Le genre qui appartenait à la version d’elle-même, qui vivait toujours un peu en avance sur elle-même, toujours dans le moment suivant, toujours en préparation. Jeudi matin, elle était dans le hall à vingt minutes avant sa conférence, portant la robe vert foncée qu’elle avait achetée pour un lancement de livres en septembre et les talons qu’elle avait failli laisser derrière elle et récupérer à la dernière seconde. Elle était douée dans cette version d’elle-même, concentrée, mobile, capable de naviguer dans des salles pleines d’étrangers avec l’aisance de quelqu’un qui avait appris à être vraiment curieuse des gens comme une compétence de survie. Pas de long préambule, pas de négociation, juste un texto le vendredi.

Il lui a écrit qu’il serait là. Elle a relu le message trois fois avant de répondre. Elle a passé la matinée à ne pas penser à lui, ce qui lui a pris énormément d’énergie. Elle a préparé ses notes, vérifié son emploi du temps, répondu à des emails.

À midi, elle était dans le hall, les mains légèrement moites, et il était là, adossé au mur, les mains dans les poches. Il avait l’air d’être en train d’attendre, mais pas de manière impatiente. Il avait l’air d’être exactement là où il avait envie d’être. Elle s’est approchée et il n’a pas bougé.

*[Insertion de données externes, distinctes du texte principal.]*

(* Let $n\ge 3$, let $\mathbf{x}$ be a vertex of $P^n_{\mathrm{SEP}}$ and let $ab$ be an edge with $x_{ab}=1$. Then $\mathrm{Gap}^+(\mathrm{bb}(\mathbf{x},ab))\ge\mathrm{Gap}^+(\mathbf{x})$.
   Context: $K_n=(V_n,E_n)$ is the complete undirected graph on $n$ nodes; $\delta(S)$ is the set of edges with exactly one endpoint in $S$. $P^n_{\mathrm{SEP}}=\{\mathbf{x}\in\mathbb{R}^{E_n} : \sum_{e\in\delta(v)}x_e=2\ \forall v;\ \sum_{e\in\delta(S)}x_e\ge 2\ \forall S \text{ with } 3\le|S|\le n-3;\ 0\le x_e\le 1\}$; a vertex is an extreme point. A cost $\mathbf{c}\in\mathbb{R}^{E_n}_{\ge0}$ is metric if $c_{ik}+c_{kj}\ge c_{ij}$ for all distinct $i,j,k$; $\mathrm{TSP}(\mathbf{c})$ is the minimum cost of a Hamiltonian cycle. $\mathrm{Gap}^+(\mathbf{x})=\sup\{\mathrm{TSP}(\mathbf{c})/(\mathbf{c}\cdot\mathbf{x}) : \mathbf{c}\text{ metric on } K_n\}$. bb-move: for $\mathbf{x}\in P^n_{\mathrm{SEP}}$ and an edge $ab$ with $x_{ab}=1$, $\mathrm{bb}(\mathbf{x},ab)=\mathbf{x}'\in\mathbb{R}^{E_{n+1}}$, where $V_{n+1}=V_n\cup\{w\}$, defined by $x'_{ab}=0$, $x'_{aw}=x'_{wb}=1$, $x'_e=0$ for $e\in\delta(w)\setminus\{aw,wb\}$, and $x'_e=x_e$ for all other edges (it is known that $\mathrm{bb}(\mathbf{x},ab)$ is a vertex of $P^{n+1}_{\mathrm{SEP}}$ iff $\mathbf{x}$ is a vertex of $P^n_{\mathrm{SEP}}$). *)

theory Defs
  imports Complex_Main "HOL-Library.Extended_Real" "HOL-Combinatorics.Permutations"
begin

text \<open>Nodes of K_n are 0,...,n-1; an edge is a 2-element set of nodes.
  A point of R^{E_n} is a function on edges that vanishes off E_n.\<close>

definition edges :: "nat \<Rightarrow> nat set set" where
  "edges n = {{i, j} | i j. i < n \<and> j < n \<and> i \<noteq> j}"

definition cut :: "nat \<Rightarrow> nat set \<Rightarrow> nat set set" where
  "cut n S = {e \<in> edges n. card (e \<inter> S) = 1}"

definition SEP :: "nat \<Rightarrow> (nat set \<Rightarrow> real) set" where
  "SEP n = {x. (\<forall>e. e \<notin> edges n \<longrightarrow> x e = 0)
     \<and> (\<forall>v < n. (\<Sum>e\<in>cut n {v}. x e) = 2)
     \<and> (\<forall>S. S \<subseteq> {..<n} \<and> 3 \<le> card S \<and> card S + 3 \<le> n \<longrightarrow> (\<Sum>e\<in>cut n S. x e) \<ge> 2)
     \<and> (\<forall>e\<in>edges n. 0 \<le> x e \<and> x e \<le> 1)}"

definition is_vertex :: "nat \<Rightarrow> (nat set \<Rightarrow> real) \<Rightarrow> bool" where
  "is_vertex n x \<longleftrightarrow> x \<in> SEP n \<and>
     (\<forall>y\<in>SEP n. \<forall>z\<in>SEP n. \<forall>u::real. 0 < u \<and> u < 1 \<and> x = (\<lambda>e. u * y e + (1 - u) * z e) \<longrightarrow> y = z)"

Elle a plié son écharpe avec soin, l’a posée sur le comptoir du concierge, puis elle a marché vers la porte. Il est tombé en silence à ses côtés. Ils sont sortis dans l’air frais et ont marché sans direction précise. À un moment, ses doigts ont effleuré le dos de sa main, un contact léger, presque accidentel, et elle a senti la chaleur monter dans sa poitrine.

Il lui a parlé de sa mère, de la façon dont elle avait été malade l’hiver dernier, de la manière dont il avait pris un congé sans même réfléchir. Elle écoutait, et pour une fois, elle ne cherchait pas quoi répondre. Elle a trouvé un sentier de promenade le long de la rivière où elle allait la plupart des matins jusqu’à la fin de sa grossesse, écouteuse aux oreilles, le rythme s’accélérant de semaine en semaine jusqu’à ce qu’en mars, elle ne marche plus. Ceux qui insistaient, qui faisaient le long hochement de tête concerné, elle avait appris à les rediriger.

Les pigeons, les étrangers, un golden retriever en longe qu’il a suivi avec un engagement total jusqu’à ce qu’il disparaisse de sa vue. Elle s’est enregistrée le mardi après-midi, a pris l’ascenseur jusqu’au onzième étage et a passé vingt minutes en appel vidéo avec Liam avant que Rosa ne dise doucement, mais avec la fermeté de quelqu’un qui avait déjà fait ça, qu’il était fatigué. Elle a raccroché, a éteint son téléphone et a ouvert la fenêtre. L’air de la ville est entré, chargé de bruit et de vie.

Elle est restée là, les mains sur le rebord, jusqu’à ce que le soleil commence à baisser. Quand il a appelé le soir, elle a décroché dès la première sonnerie. Il a dit qu’il était à une heure de route et qu’il avait envie de la voir. Elle a dit oui sans réfléchir, et cette absence de réflexion lui a semblé plus vraie que tous les plans qu’elle avait faits pour sa vie.

Elle a enfilé une veste et est sortie. Ils se sont retrouvés sur le parking d’un café fermé, la seule lumière venant des lampadaires. Il a éteint le moteur et est descendu, les mains enfoncées dans les poches de sa veste. Elle s’est adossée à sa voiture.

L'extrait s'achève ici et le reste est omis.